(* Let $G$ be a simple graph and $S\subset V(G)$ a set of pairwise non-adjacent vertices. If $G$ is $k$-shellable, then $G\setminus N_G[S]$ is $k$-shellable.
   Context: $N_G[S]=\bigcup_{x\in S}(N_G(x)\cup\{x\})$, where $N_G(x)$ is the set of neighbours of $x$; $G\setminus U$ deletes the vertices of $U$ and incident edges. A graph $H$ is $k$-shellable if its independence complex $\Delta_H$ (faces: sets of pairwise non-adjacent vertices) is. $\langle F_1,\ldots,F_s\rangle$ denotes the complex with facets $F_1,\dots,F_s$. A complex $\Gamma$ of dimension $d$ is $k$-shellable ($1\le k\le d+1$) if its facets can be ordered $F_1,\ldots,F_r$ such that for every $j=2,\ldots,r$, $\Gamma_j=\langle F_j\rangle\cap\langle F_1,\ldots,F_{j-1}\rangle$ satisfies (i) $\Gamma_j$ is generated by a nonempty set of faces of $\langle F_j\rangle$ of dimension $|F_j|-k-1$; (ii) if $\Gamma_j$ has more than one facet, then for every two distinct facets $\sigma,\tau$ of $\Gamma_j$, $F_j\subseteq\sigma\cup\tau$. *)

theory Defs
  imports Main
begin

definition simple_graph :: "'a set \<Rightarrow> 'a set set \<Rightarrow> bool" where
  "simple_graph V E \<longleftrightarrow> finite V \<and> (\<forall>e\<in>E. e \<subseteq> V \<and> card e = 2)"

definition adjacent :: "'a set set \<Rightarrow> 'a \<Rightarrow> 'a \<Rightarrow> bool" where
  "adjacent E x y \<longleftrightarrow> {x, y} \<in> E"

definition independent_set :: "'a set set \<Rightarrow> 'a set \<Rightarrow> bool" where
  "independent_set E S \<longleftrightarrow> (\<forall>x\<in>S. \<forall>y\<in>S. \<not> adjacent E x y)"

definition closed_nbhd :: "'a set \<Rightarrow> 'a set set \<Rightarrow> 'a set \<Rightarrow> 'a set" where
  "closed_nbhd V E S = (\<Union>x\<in>S. {y\<in>V. adjacent E x y} \<union> {x})"

definition del_verts :: "'a set \<Rightarrow> 'a set \<Rightarrow> 'a set" where
  "del_verts V U = V - U"

definition del_edges :: "'a set set \<Rightarrow> 'a set \<Rightarrow> 'a set set" where
  "del_edges E U = {e\<in>E. e \<inter> U = {}}"

definition ind_complex :: "'a set \<Rightarrow> 'a set set \<Rightarrow> 'a set set" where
  "ind_complex V E = {F. F \<subseteq> V \<and> independent_set E F}"

definition facets :: "'a set set \<Rightarrow> 'a set set" where
  "facets \<Gamma> = {F\<in>\<Gamma>. \<forall>G\<in>\<Gamma>. F \<subseteq> G \<longrightarrow> G = F}"

definition gen :: "'a set set \<Rightarrow> 'a set set" where
  "gen A = {\<sigma>. \<exists>F\<in>A. \<sigma> \<subseteq> F}"

text \<open>A shelling order witnessing k-shellability: a listing Fs of the facets, such that for
  each j \<ge> 2 (index j in 0-based numbering, j \<ge> 1), Gamma_j = <F_j> \<inter> <F_1..F_{j-1}> is
  generated by a nonempty set of faces of <F_j> of dimension |F_j|-k-1 (i.e. cardinality
  |F_j|-k), and any two distinct facets of Gamma_j cover F_j.\<close>
definition k_shelling :: "nat \<Rightarrow> 'a set set \<Rightarrow> 'a set list \<Rightarrow> bool" where
  "k_shelling k \<Gamma> Fs \<longleftrightarrow>
     distinct Fs \<and> set Fs = facets \<Gamma> \<and>
     (\<forall>j. 0 < j \<and> j < length Fs \<longrightarrow>
        (let Fj = Fs ! j; \<Gamma>j = gen {Fj} \<inter> gen (set (take j Fs)) in
          (\<exists>A. A \<noteq> {} \<and> A \<subseteq> gen {Fj} \<and> (\<forall>\<sigma>\<in>A. card \<sigma> + k = card Fj) \<and> \<Gamma>j = gen A) \<and>
          (\<forall>\<sigma>\<in>facets \<Gamma>j. \<forall>\<tau>\<in>facets \<Gamma>j. \<sigma> \<noteq> \<tau> \<longrightarrow> Fj \<subseteq> \<sigma> \<union> \<tau>)))"

definition k_shellable :: "nat \<Rightarrow> 'a set set \<Rightarrow> bool" where
  "k_shellable k \<Gamma> \<longleftrightarrow> 1 \<le> k \<and> (\<exists>Fs. k_shelling k \<Gamma> Fs)"

definition k_shellable_graph :: "nat \<Rightarrow> 'a set \<Rightarrow> 'a set set \<Rightarrow> bool" where
  "k_shellable_graph k V E \<longleftrightarrow> k_shellable k (ind_complex V E)"

end

theory Submission
  imports Defs
begin

text \<open>The independence complex of \<open>G \<setminus> N[S]\<close> is the link of the face \<open>S\<close> in the
  independence complex of \<open>G\<close>. Links of faces inherit \<open>k\<close>-shellability: removing \<open>S\<close> from
  the facets containing \<open>S\<close>, listed in the order of a \<open>k\<close>-shelling, is again a \<open>k\<close>-shelling,
  because the link operation commutes with intersections and with taking the complex generated
  by a family, and it lowers all cardinalities by \<open>|S|\<close>.\<close>

definition link :: "'a set set \<Rightarrow> 'a set \<Rightarrow> 'a set set" where
  "link D S = {\<sigma>. \<sigma> \<inter> S = {} \<and> \<sigma> \<union> S \<in> D}"

definition shelling_step :: "nat \<Rightarrow> 'a set \<Rightarrow> 'a set set \<Rightarrow> bool" where
  "shelling_step k F X \<longleftrightarrow>
     (let \<Gamma> = gen {F} \<inter> gen X in
       (\<exists>A. A \<noteq> {} \<and> A \<subseteq> gen {F} \<and> (\<forall>\<sigma>\<in>A. card \<sigma> + k = card F) \<and> \<Gamma> = gen A) \<and>
       (\<forall>\<sigma>\<in>facets \<Gamma>. \<forall>\<tau>\<in>facets \<Gamma>. \<sigma> \<noteq> \<tau> \<longrightarrow> F \<subseteq> \<sigma> \<union> \<tau>))"

lemma k_shelling_iff_shelling_step:
  "k_shelling k D Fs \<longleftrightarrow> distinct Fs \<and> set Fs = facets D \<and>
     (\<forall>j. 0 < j \<and> j < length Fs \<longrightarrow> shelling_step k (Fs ! j) (set (take j Fs)))"
  unfolding k_shelling_def shelling_step_def by (simp only: Let_def)

lemma link_Int: "link (A \<inter> B) S = link A S \<inter> link B S"
  unfolding link_def by blast

lemma link_gen: "link (gen A) S = gen ((\<lambda>F. F - S) ` {F\<in>A. S \<subseteq> F})"
proof (intro set_eqI iffI)
  fix \<sigma> assume "\<sigma> \<in> link (gen A) S"
  then obtain F where "F \<in> A" "\<sigma> \<inter> S = {}" "\<sigma> \<union> S \<subseteq> F"
    unfolding link_def gen_def by auto
  then have "F - S \<in> (\<lambda>F. F - S) ` {F\<in>A. S \<subseteq> F}" "\<sigma> \<subseteq> F - S" by auto
  then show "\<sigma> \<in> gen ((\<lambda>F. F - S) ` {F\<in>A. S \<subseteq> F})"
    unfolding gen_def by blast
next
  fix \<sigma> assume "\<sigma> \<in> gen ((\<lambda>F. F - S) ` {F\<in>A. S \<subseteq> F})"
  then obtain F where "F \<in> A" "S \<subseteq> F" "\<sigma> \<subseteq> F - S"
    unfolding gen_def by auto
  then show "\<sigma> \<in> link (gen A) S"
    unfolding link_def gen_def by auto
qed

lemma facet_of_link:
  assumes "\<sigma> \<in> facets (link D S)"
  shows "\<sigma> \<union> S \<in> facets D" and "\<sigma> \<inter> S = {}"
proof -
  have \<sigma>: "\<sigma> \<inter> S = {}" "\<sigma> \<union> S \<in> D"
    using assms unfolding facets_def link_def by auto
  have "\<rho> = \<sigma> \<union> S" if "\<rho> \<in> D" "\<sigma> \<union> S \<subseteq> \<rho>" for \<rho>
  proof -
    have "\<rho> - S \<in> link D S"
      using that unfolding link_def by (auto simp: Un_absorb2)
    moreover have "\<sigma> \<subseteq> \<rho> - S" using that \<sigma> by blast
    ultimately have "\<sigma> = \<rho> - S" using assms unfolding facets_def by blast
    then show ?thesis using that by blast
  qed
  then show "\<sigma> \<union> S \<in> facets D" using \<sigma> unfolding facets_def by blast
  show "\<sigma> \<inter> S = {}" by (fact \<sigma>(1))
qed

lemma facets_link: "facets (link D S) = (\<lambda>F. F - S) ` {F\<in>facets D. S \<subseteq> F}"
proof
  show "facets (link D S) \<subseteq> (\<lambda>F. F - S) ` {F\<in>facets D. S \<subseteq> F}"
  proof
    fix \<sigma> assume "\<sigma> \<in> facets (link D S)"
    with facet_of_link have "\<sigma> \<union> S \<in> facets D" "\<sigma> = (\<sigma> \<union> S) - S" by blast+
    then show "\<sigma> \<in> (\<lambda>F. F - S) ` {F\<in>facets D. S \<subseteq> F}" by blast
  qed
next
  show "(\<lambda>F. F - S) ` {F\<in>facets D. S \<subseteq> F} \<subseteq> facets (link D S)"
  proof
    fix \<sigma> assume "\<sigma> \<in> (\<lambda>F. F - S) ` {F\<in>facets D. S \<subseteq> F}"
    then obtain F where F: "F \<in> facets D" "S \<subseteq> F" "\<sigma> = F - S" by blast
    have "\<sigma> \<in> link D S"
      using F unfolding link_def facets_def by (auto simp: Un_absorb2)
    moreover have "\<tau> = \<sigma>" if "\<tau> \<in> link D S" "\<sigma> \<subseteq> \<tau>" for \<tau>
    proof -
      have "\<tau> \<union> S \<in> D" "\<tau> \<inter> S = {}" using that unfolding link_def by auto
      moreover have "F \<subseteq> \<tau> \<union> S" using F that by blast
      ultimately have "\<tau> \<union> S = F" using F unfolding facets_def by blast
      then show ?thesis using F \<open>\<tau> \<inter> S = {}\<close> by blast
    qed
    ultimately show "\<sigma> \<in> facets (link D S)" unfolding facets_def by blast
  qed
qed

lemma shelling_step_link:
  assumes step: "shelling_step k F X" and "finite F" and "S \<subseteq> F"
    and "F' \<in> X" "S \<subseteq> F'"
  shows "shelling_step k (F - S) ((\<lambda>F. F - S) ` {F\<in>X. S \<subseteq> F})"
proof -
  let ?\<Gamma> = "gen {F} \<inter> gen X"
  have link_\<Gamma>: "gen {F - S} \<inter> gen ((\<lambda>F. F - S) ` {F\<in>X. S \<subseteq> F}) = link ?\<Gamma> S"
  proof -
    have "{F'\<in>{F}. S \<subseteq> F'} = {F}" using \<open>S \<subseteq> F\<close> by blast
    then show ?thesis by (simp only: link_Int link_gen image_insert image_empty)
  qed
  have "\<exists>A. A \<noteq> {} \<and> A \<subseteq> gen {F} \<and> (\<forall>\<sigma>\<in>A. card \<sigma> + k = card F) \<and> ?\<Gamma> = gen A"
    using step unfolding shelling_step_def Let_def by (rule conjunct1)
  then obtain A where A: "A \<noteq> {}" "A \<subseteq> gen {F}" "\<forall>\<sigma>\<in>A. card \<sigma> + k = card F"
    "?\<Gamma> = gen A" by blast
  have cover: "\<forall>\<sigma>\<in>facets ?\<Gamma>. \<forall>\<tau>\<in>facets ?\<Gamma>. \<sigma> \<noteq> \<tau> \<longrightarrow> F \<subseteq> \<sigma> \<union> \<tau>"
    using step unfolding shelling_step_def Let_def by (rule conjunct2)
  define A' where "A' = (\<lambda>a. a - S) ` {a\<in>A. S \<subseteq> a}"
  have gen_A': "link ?\<Gamma> S = gen A'" unfolding A(4) A'_def by (rule link_gen)
  have "S \<in> gen A" using A(4) assms(3-5) unfolding gen_def by auto
  then have "A' \<noteq> {}" unfolding A'_def gen_def by auto
  moreover have "A' \<subseteq> gen {F - S}" using A(2) unfolding A'_def gen_def by auto
  moreover have "\<forall>\<sigma>\<in>A'. card \<sigma> + k = card (F - S)"
  proof
    fix \<sigma> assume "\<sigma> \<in> A'"
    then obtain a where a: "a \<in> A" "S \<subseteq> a" "\<sigma> = a - S" unfolding A'_def by blast
    have "a \<subseteq> F" using a(1) A(2) unfolding gen_def by blast
    then have "finite a" using \<open>finite F\<close> by (rule finite_subset)
    moreover have "finite S" using \<open>S \<subseteq> F\<close> \<open>finite F\<close> by (rule finite_subset)
    ultimately show "card \<sigma> + k = card (F - S)"
      using A(3) a \<open>S \<subseteq> F\<close> card_mono[of a S] by (simp add: card_Diff_subset)
  qed
  ultimately have "\<exists>A. A \<noteq> {} \<and> A \<subseteq> gen {F - S} \<and> (\<forall>\<sigma>\<in>A. card \<sigma> + k = card (F - S)) \<and>
      link ?\<Gamma> S = gen A"
    using gen_A' by blast
  moreover have "\<forall>\<sigma>\<in>facets (link ?\<Gamma> S). \<forall>\<tau>\<in>facets (link ?\<Gamma> S). \<sigma> \<noteq> \<tau> \<longrightarrow> F - S \<subseteq> \<sigma> \<union> \<tau>"
  proof (intro ballI impI)
    fix \<sigma> \<tau> assume \<sigma>: "\<sigma> \<in> facets (link ?\<Gamma> S)" and \<tau>: "\<tau> \<in> facets (link ?\<Gamma> S)"
      and "\<sigma> \<noteq> \<tau>"
    have "\<sigma> = (\<sigma> \<union> S) - S" "\<tau> = (\<tau> \<union> S) - S"
      using facet_of_link(2)[OF \<sigma>] facet_of_link(2)[OF \<tau>] by auto
    with \<open>\<sigma> \<noteq> \<tau>\<close> have "\<sigma> \<union> S \<noteq> \<tau> \<union> S" by metis
    with cover facet_of_link(1)[OF \<sigma>] facet_of_link(1)[OF \<tau>]
    have "F \<subseteq> (\<sigma> \<union> S) \<union> (\<tau> \<union> S)" by simp
    then show "F - S \<subseteq> \<sigma> \<union> \<tau>" by auto
  qed
  ultimately show ?thesis unfolding shelling_step_def Let_def link_\<Gamma> by (rule conjI)
qed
┄┄┄┄┄┄┄┄┄┄┄┄┄┄┄┄┄┄┄┄
What you should do — Only one part of the material above is to be transcribed, namely the lines starting with the line that has "S). \<forall>\<tau>\<in>facets (link" and going on through the line that has "using facet_of_link(2)[OF \<sigma>]", exactly as they stand.

Result —
  moreover have "\<forall>\<sigma>\<in>facets (link ?\<Gamma> S). \<forall>\<tau>\<in>facets (link ?\<Gamma> S). \<sigma> \<noteq> \<tau> \<longrightarrow> F - S \<subseteq> \<sigma> \<union> \<tau>"
  proof (intro ballI impI)
    fix \<sigma> \<tau> assume \<sigma>: "\<sigma> \<in> facets (link ?\<Gamma> S)" and \<tau>: "\<tau> \<in> facets (link ?\<Gamma> S)"
      and "\<sigma> \<noteq> \<tau>"
    have "\<sigma> = (\<sigma> \<union> S) - S" "\<tau> = (\<tau> \<union> S) - S"
      using facet_of_link(2)[OF \<sigma>] facet_of_link(2)[OF \<tau>] by auto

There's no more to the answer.